### SOURCE INFORMATION
(* For every $m\ge1$ and every $\theta\in(0,1]$, $\lim_{n\to\infty}\rho(\mathrm{IRV},m,n,\theta)=0$. Equivalently, the critical value of IRV in the Perturbed Culture model is $\theta_c(\mathrm{IRV},m)=0$.
   Context: A ranking is a strict total order on the candidates. A discrete profile consists of candidates, $n$ voters and a ranking $P_v$ per voter. For a set $K$ of candidates, $P_K$ restricts each ranking to $K$; the Plurality score $s_{\mathrm{Plu}}(c,P)$ is the number of voters ranking $c$ first. IRV: starting from all candidates, repeatedly eliminate a remaining candidate with minimal Plurality score in the profile restricted to the remaining candidates (ties broken by an arbitrary fixed rule); the last remaining candidate wins. CM: a rule $f$ is coalitionally manipulable in a discrete profile $P$ if there is a discrete $Q$ with the same candidates and voters such that $f(Q)\neq f(P)$ and every voter $v$ with $Q_v\ne P_v$ prefers $f(Q)$ to $f(P)$ according to $P_v$. Perturbed Culture ($m,n\ge1$, $\theta\in(0,1]$): random discrete profile with candidates $\{1,\dots,m\}$, voters $\{1,\dots,n\}$, each voter independently having ranking $1\succ\cdots\succ m$ with probability $\theta$ and a uniformly random ranking with probability $1-\theta$. $\rho(f,m,n,\theta)$: probability that $f$ is CM in the random profile. For a rule $f$, the critical value $\theta_c(f,m)$ (when it exists) is the common value of $\theta_l$, the largest value in $[0,1]$ such that $\theta<\theta_l$ implies $\lim_n\rho=1$, and $\theta_u$, the smallest value in $[0,1]$ such that $\theta>\theta_u$ implies $\lim_n\rho=0$. *)

theory Defs
  imports Complex_Main
begin

text \<open>A ranking is a list containing each
candidate exactly once, most preferred first.\<close>

definition rankings :: "nat \<Rightarrow> nat list set" where
  "rankings m = {r. distinct r \<and> set r = {1..m}}"

definition profiles :: "nat \<Rightarrow> nat \<Rightarrow> nat list list set" where
  "profiles m n = {P. length P = n \<and> set P \<subseteq> rankings m}"
(* Let $X$ be a quasigeodesic metric space with bounded geometry (for example a connected graph with uniformly bounded vertex degrees, with its path metric). (i) If $\lim_{l\to\infty}\frac1l\log\big(\sup_{y\in X}|B(y,l)|\big)=0$, then $h_\infty(X)=0$. (ii) If $\limsup_{l\to\infty}\frac1l\log\big(\sup_{y\in X}|B(y,l)|\big)>0$, then $h_\infty(X)=\infty$.
   Context: $B(y,l)$ is the closed ball. $X$ is quasigeodesic if there are $C\ge1,A\ge0$ such that any $x,x'$ are joined by a map $p\colon[0,d(x,x')]\to X$, $p(0)=x$, $p(d(x,x'))=x'$, with $C^{-1}|s-t|-A\le d(p(s),p(t))\le C|s-t|+A$. Bounded geometry: for every $r>0$ closed balls of radius $r$ have uniformly bounded cardinality. Coarse entropy $h_\infty(X)=\lim_{\delta\to\infty}\lim_{R\to\infty}\limsup_{n\to\infty}\frac1n\log s(n,R,\delta,x_0)$, where $s(n,R,\delta,x_0)$ is the supremum of cardinalities of $R$-separated sets of $\delta$-paths $(x_0,\dots,x_n)$ ($d(x_i,x_{i+1})\le\delta$) starting at $x_0$, paths compared by $\max_i d(x_i,y_i)$. *)

theory Defs
  imports "HOL-Analysis.Analysis"
begin

text \<open>The metric space X is the whole of a type of class metric_space.\<close>

definition quasigeodesic :: "'a::metric_space itself \<Rightarrow> bool" where
  "quasigeodesic _ \<longleftrightarrow> (\<exists>C::real. \<exists>A::real. C \<ge> 1 \<and> A \<ge> 0 \<and>
     (\<forall>x x'::'a. \<exists>p::real \<Rightarrow> 'a. p 0 = x \<and> p (dist x x') = x' \<and>
        (\<forall>s\<in>{0..dist x x'}. \<forall>t\<in>{0..dist x x'}.
           \<bar>s - t\<bar> / C - A \<le> dist (p s) (p t) \<and> dist (p s) (p t) \<le> C * \<bar>s - t\<bar> + A)))"

definition bounded_geometry :: "'a::metric_space itself \<Rightarrow> bool" where
  "bounded_geometry _ \<longleftrightarrow> (\<forall>r>0. \<exists>N::nat. \<forall>y::'a. finite (cball y r) \<and> card (cball y r) \<le> N)"

definition ball_growth :: "'a::metric_space itself \<Rightarrow> real \<Rightarrow> real" where
  "ball_growth _ l = Sup {real (card (cball (y::'a) l)) | y. True}"

definition delta_paths :: "nat \<Rightarrow> real \<Rightarrow> 'a::metric_space \<Rightarrow> 'a list set" where
  "delta_paths n \<delta> x0 = {xs. length xs = Suc n \<and> xs ! 0 = x0 \<and>
       (\<forall>i<n. dist (xs ! i) (xs ! Suc i) \<le> \<delta>)}"

text \<open>R-separated w.r.t. the distance max_i d(x_i,y_i)\<close>
definition path_separated :: "nat \<Rightarrow> real \<Rightarrow> 'a::metric_space list set \<Rightarrow> bool" where
  "path_separated n R S \<longleftrightarrow> (\<forall>p\<in>S. \<forall>q\<in>S. p \<noteq> q \<longrightarrow> (\<exists>i\<le>n. dist (p ! i) (q ! i) > R))"

definition sep_count :: "nat \<Rightarrow> real \<Rightarrow> real \<Rightarrow> 'a::metric_space \<Rightarrow> ereal" where
  "sep_count n R \<delta> x0 = Sup {ereal (real (card S)) | S. finite S \<and> S \<subseteq> delta_paths n \<delta> x0 \<and> path_separated n R S}"

definition ereal_ln :: "ereal \<Rightarrow> ereal" where
  "ereal_ln x = (case x of ereal r \<Rightarrow> ereal (ln r) | PInfty \<Rightarrow> \<infinity> | MInfty \<Rightarrow> -\<infinity>)"

definition coarse_entropy :: "'a::metric_space \<Rightarrow> ereal" where
  "coarse_entropy x0 = Lim at_top (\<lambda>\<delta>::real. Lim at_top (\<lambda>R::real.
       limsup (\<lambda>n. ereal_ln (sep_count n R \<delta> x0) / ereal (real n))))"

end

theory Submission
  imports Defs
begin

text \<open>
  (i) Sample a \<open>\<delta>\<close>-path at the times \<open>0, k, 2k, \<dots>\<close> with \<open>2k\<delta> \<le> R\<close>. Between samples a path moves
  less than \<open>R/2\<close>, so \<open>R\<close>-separated paths have distinct samples, and the samples form a
  \<open>k\<delta>\<close>-path of length \<open>n/k + 1\<close>. Hence there are at most \<open>|B(k\<delta>)|^(n/k+1)\<close> of them, and the
  entropy at scales \<open>\<delta>, R\<close> is at most \<open>\<delta> \<cdot> ln |B(k\<delta>)| / (k\<delta>)\<close>, which tends to \<open>0\<close> with \<open>R\<close>.

  (ii) Suppose \<open>ln |B(y,l)| \<ge> c l\<close> for arbitrarily large \<open>l\<close>. A maximal \<open>R\<close>-separated subset \<open>Z\<close>
  of \<open>B(y,l)\<close> has at least \<open>|B(y,l)| / |B(R)|\<close> points. Quasigeodesics discretised with step
  \<open>\<tau>\<close> are \<open>\<delta>\<close>-paths for \<open>\<delta> = C\<tau> + A\<close>, so a round trip from \<open>y\<close> to a point of \<open>Z\<close> and back
  takes about \<open>2l/\<tau>\<close> steps; concatenating round trips gives \<open>|Z|^(n\<tau>/2l)\<close> separated paths,
  i.e. entropy at least \<open>c\<tau>/4\<close>, which is unbounded as \<open>\<delta>\<close> grows.
\<close>

section \<open>Balls in spaces of bounded geometry\<close>

lemma bounded_geometry_cball_bound:
  assumes "bounded_geometry TYPE('a::metric_space)"
  obtains N where "\<And>y::'a. finite (cball y r)" "\<And>y::'a. card (cball y r) \<le> N"
proof -
  obtain N where N: "\<And>y::'a. finite (cball y (max r 1)) \<and> card (cball y (max r 1)) \<le> N"
    using assms unfolding bounded_geometry_def by (meson less_max_iff_disj zero_less_one)
  have sub: "cball y r \<subseteq> cball y (max r 1)" for y :: 'a
    by auto
  show thesis
  proof
    show "finite (cball y r)" for y :: 'a
      using N sub by (meson finite_subset)
    show "card (cball y r) \<le> N" for y :: 'a
      using N sub by (meson card_mono order_trans)
  qed
qed

lemma finite_cball_bounded_geometry:
  assumes "bounded_geometry TYPE('a::metric_space)"
  shows "finite (cball (y::'a) r)"
proof -
  obtain N where "\<And>y::'a. finite (cball y r)"
    using bounded_geometry_cball_bound[OF assms] by blast
  then show ?thesis .
qed

lemma finite_cball_cards:
  assumes "bounded_geometry TYPE('a::metric_space)"
  shows "finite {real (card (cball (y::'a) l)) | y. True}"
proof -
  obtain N where "\<And>y::'a. card (cball y l) \<le> N"
    using bounded_geometry_cball_bound[OF assms] by blast
  then have "{real (card (cball (y::'a) l)) | y. True} \<subseteq> real ` {0..N}"
    by auto
  then show ?thesis
    by (rule finite_subset) simp
qed

lemma card_cball_le_ball_growth:
  assumes "bounded_geometry TYPE('a::metric_space)"
  shows "real (card (cball (y::'a) l)) \<le> ball_growth TYPE('a) l"
  unfolding ball_growth_def
  by (rule cSup_upper) (use bdd_above_finite[OF finite_cball_cards[OF assms]] in auto)

lemma ball_growth_attained:
  assumes "bounded_geometry TYPE('a::metric_space)"
  obtains y where "real (card (cball (y::'a) l)) = ball_growth TYPE('a) l"
proof -
  let ?S = "{real (card (cball (y::'a) l)) | y. True}"
  have fin: "finite ?S" and ne: "?S \<noteq> {}"
    using finite_cball_cards[OF assms] by auto
  have "Sup ?S \<in> ?S"
    unfolding cSup_eq_Max[OF fin ne] by (rule Max_in[OF fin ne])
  then show thesis
    using that unfolding ball_growth_def by auto
qed

lemma ball_growth_ge_1:
  assumes "bounded_geometry TYPE('a::metric_space)" "0 \<le> l"
  shows "1 \<le> ball_growth TYPE('a) l"
proof -
  obtain y :: 'a where y: "real (card (cball y l)) = ball_growth TYPE('a) l"
    using ball_growth_attained[OF assms(1)] .
  have "cball y l \<noteq> {}"
    using assms(2) centre_in_cball by blast
  then have "card (cball y l) \<ge> 1"
    using finite_cball_bounded_geometry[OF assms(1)] by (simp add: Suc_le_eq card_gt_0_iff)
  then show ?thesis
    using y by linarith
qed

section \<open>Counting \<open>\<delta>\<close>-paths\<close>

lemma map_upt_in_delta_paths:
  assumes "f 0 = x0" and "\<And>i. i < n \<Longrightarrow> dist (f i) (f (Suc i)) \<le> \<delta>"
  shows "map f [0..<Suc n] \<in> delta_paths n \<delta> x0"
  using assms unfolding delta_paths_def by (auto simp del: upt_Suc simp: nth_map_upt)

lemma dist_delta_path_le:
  assumes xs: "xs \<in> delta_paths n \<delta> x0" and "i \<le> j" "j \<le> n"
  shows "dist (xs ! i) (xs ! j) \<le> real (j - i) * \<delta>"
  using \<open>i \<le> j\<close> \<open>j \<le> n\<close>
proof (induction j rule: dec_induct)
  case (step j)
  have "dist (xs ! i) (xs ! Suc j) \<le> dist (xs ! i) (xs ! j) + dist (xs ! j) (xs ! Suc j)"
    by (rule dist_triangle)
  also have "\<dots> \<le> real (j - i) * \<delta> + \<delta>"
    using step xs unfolding delta_paths_def by (intro add_mono) auto
  also have "\<dots> = real (Suc j - i) * \<delta>"
    using step.hyps by (simp add: Suc_diff_le algebra_simps)
  finally show ?case .
qed simp

lemma delta_paths_Suc_subset:
  "delta_paths (Suc n) \<delta> x0 \<subseteq> (\<lambda>(ys, z). ys @ [z]) ` (SIGMA ys:delta_paths n \<delta> x0. cball (last ys) \<delta>)"
proof
  fix xs assume xs: "xs \<in> delta_paths (Suc n) \<delta> x0"
  then have len: "length xs = Suc (Suc n)"
    unfolding delta_paths_def by auto
  define ys where "ys = butlast xs"
  have xs_eq: "xs = ys @ [xs ! Suc n]"
    unfolding ys_def using len by (metis append_butlast_last_id last_conv_nth diff_Suc_1 list.size(3) nat.distinct(1))
  have ys_nth: "ys ! i = xs ! i" if "i < Suc n" for i
    unfolding ys_def using that len by (simp add: nth_butlast)
  have ys_len: "length ys = Suc n"
    unfolding ys_def using len by simp
  have "ys \<in> delta_paths n \<delta> x0"
    using xs ys_len ys_nth unfolding delta_paths_def by auto
  moreover have "last ys = xs ! n"
    using ys_len ys_nth[of n] by (metis last_conv_nth diff_Suc_1 list.size(3) nat.distinct(1) lessI)
  moreover have "dist (xs ! n) (xs ! Suc n) \<le> \<delta>"
    using xs unfolding delta_paths_def by auto
  ultimately show "xs \<in> (\<lambda>(ys, z). ys @ [z]) ` (SIGMA ys:delta_paths n \<delta> x0. cball (last ys) \<delta>)"
    by (subst xs_eq, intro image_eqI[of _ _ "(ys, xs ! Suc n)"]) auto
qed

lemma card_delta_paths_le:
  assumes bg: "bounded_geometry TYPE('a::metric_space)"
  shows "finite (delta_paths n \<delta> (x0::'a)) \<and> real (card (delta_paths n \<delta> x0)) \<le> ball_growth TYPE('a) \<delta> ^ n"
proof (induction n)
  case 0
  have "delta_paths 0 \<delta> x0 = {[x0]}"
    unfolding delta_paths_def by (auto simp: length_Suc_conv)
  then show ?case
    by simp
next
  case (Suc n)
  let ?D = "delta_paths n \<delta> x0" and ?G = "ball_growth TYPE('a) \<delta>"
  let ?S = "SIGMA ys:?D. cball (last ys) \<delta>"
  have fin: "finite ?S"
    using Suc.IH finite_cball_bounded_geometry[OF bg] by auto
  have "real (card ?S) = (\<Sum>ys\<in>?D. real (card (cball (last ys) \<delta>)))"
    using Suc.IH finite_cball_bounded_geometry[OF bg] by (simp add: card_SigmaI)
  also have "\<dots> \<le> real (card ?D) * ?G"
    using sum_mono[of ?D "\<lambda>ys. real (card (cball (last ys) \<delta>))" "\<lambda>_. ?G"]
    by (simp add: card_cball_le_ball_growth[OF bg])
  also have "\<dots> \<le> ?G ^ n * ?G"
    using Suc.IH card_cball_le_ball_growth[OF bg, of x0 \<delta>] by (intro mult_right_mono) auto
  finally have "real (card ?S) \<le> ?G ^ Suc n"
    by (simp add: mult.commute)
  moreover have "card (delta_paths (Suc n) \<delta> x0) \<le> card ?S"
    using card_mono[OF finite_imageI[OF fin] delta_paths_Suc_subset] card_image_le[OF fin]
    by (rule order_trans)
  ultimately show ?case
    using finite_subset[OF delta_paths_Suc_subset] fin by fastforce
qed

section \<open>Growth rate of separated families of \<open>\<delta>\<close>-paths\<close>

definition sep_rate :: "real \<Rightarrow> real \<Rightarrow> 'a::metric_space \<Rightarrow> ereal" where
  "sep_rate R \<delta> x0 = limsup (\<lambda>n. ereal_ln (sep_count n R \<delta> x0) / ereal (real n))"

lemma coarse_entropy_eq_Lim_sep_rate:
  "coarse_entropy x0 = Lim at_top (\<lambda>\<delta>. Lim at_top (\<lambda>R. sep_rate R \<delta> x0))"
  unfolding coarse_entropy_def sep_rate_def ..

lemma ereal_ln_ereal [simp]: "ereal_ln (ereal r) = ereal (ln r)"
  by (simp add: ereal_ln_def)

lemma ereal_ln_mono: "1 \<le> a \<Longrightarrow> a \<le> b \<Longrightarrow> ereal_ln a \<le> ereal_ln b"
  by (cases a; cases b) (auto simp: ereal_ln_def)

lemma ereal_ln_nonneg: "1 \<le> a \<Longrightarrow> 0 \<le> ereal_ln a"
  by (cases a) (auto simp: ereal_ln_def)

lemma card_le_sep_count:
  assumes "finite I" "0 \<le> R"
    and paths: "\<And>c. c \<in> I \<Longrightarrow> F c \<in> delta_paths n \<delta> x0"
    and far: "\<And>c c'. c \<in> I \<Longrightarrow> c' \<in> I \<Longrightarrow> c \<noteq> c' \<Longrightarrow> \<exists>i\<le>n. R < dist (F c ! i) (F c' ! i)"
  shows "ereal (real (card I)) \<le> sep_count n R \<delta> x0"
proof -
  have "inj_on F I"
    using far \<open>0 \<le> R\<close> by (fastforce intro: inj_onI)
  then have "card (F ` I) = card I"
    by (rule card_image)
  moreover have "path_separated n R (F ` I)"
    using far unfolding path_separated_def by blast
  ultimately show ?thesis
    unfolding sep_count_def using paths \<open>finite I\<close> by (intro Sup_upper) (auto intro!: exI[of _ "F ` I"])
qed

### GOAL OF THE EXERCISE
Which of the lines above carry the string "profiles"? Pick them out and copy them.

### EXPECTED OUTPUT
definition profiles :: "nat \<Rightarrow> nat \<Rightarrow> nat list list set" where
  "profiles m n = {P. length P = n \<and> set P \<subseteq> rankings m}"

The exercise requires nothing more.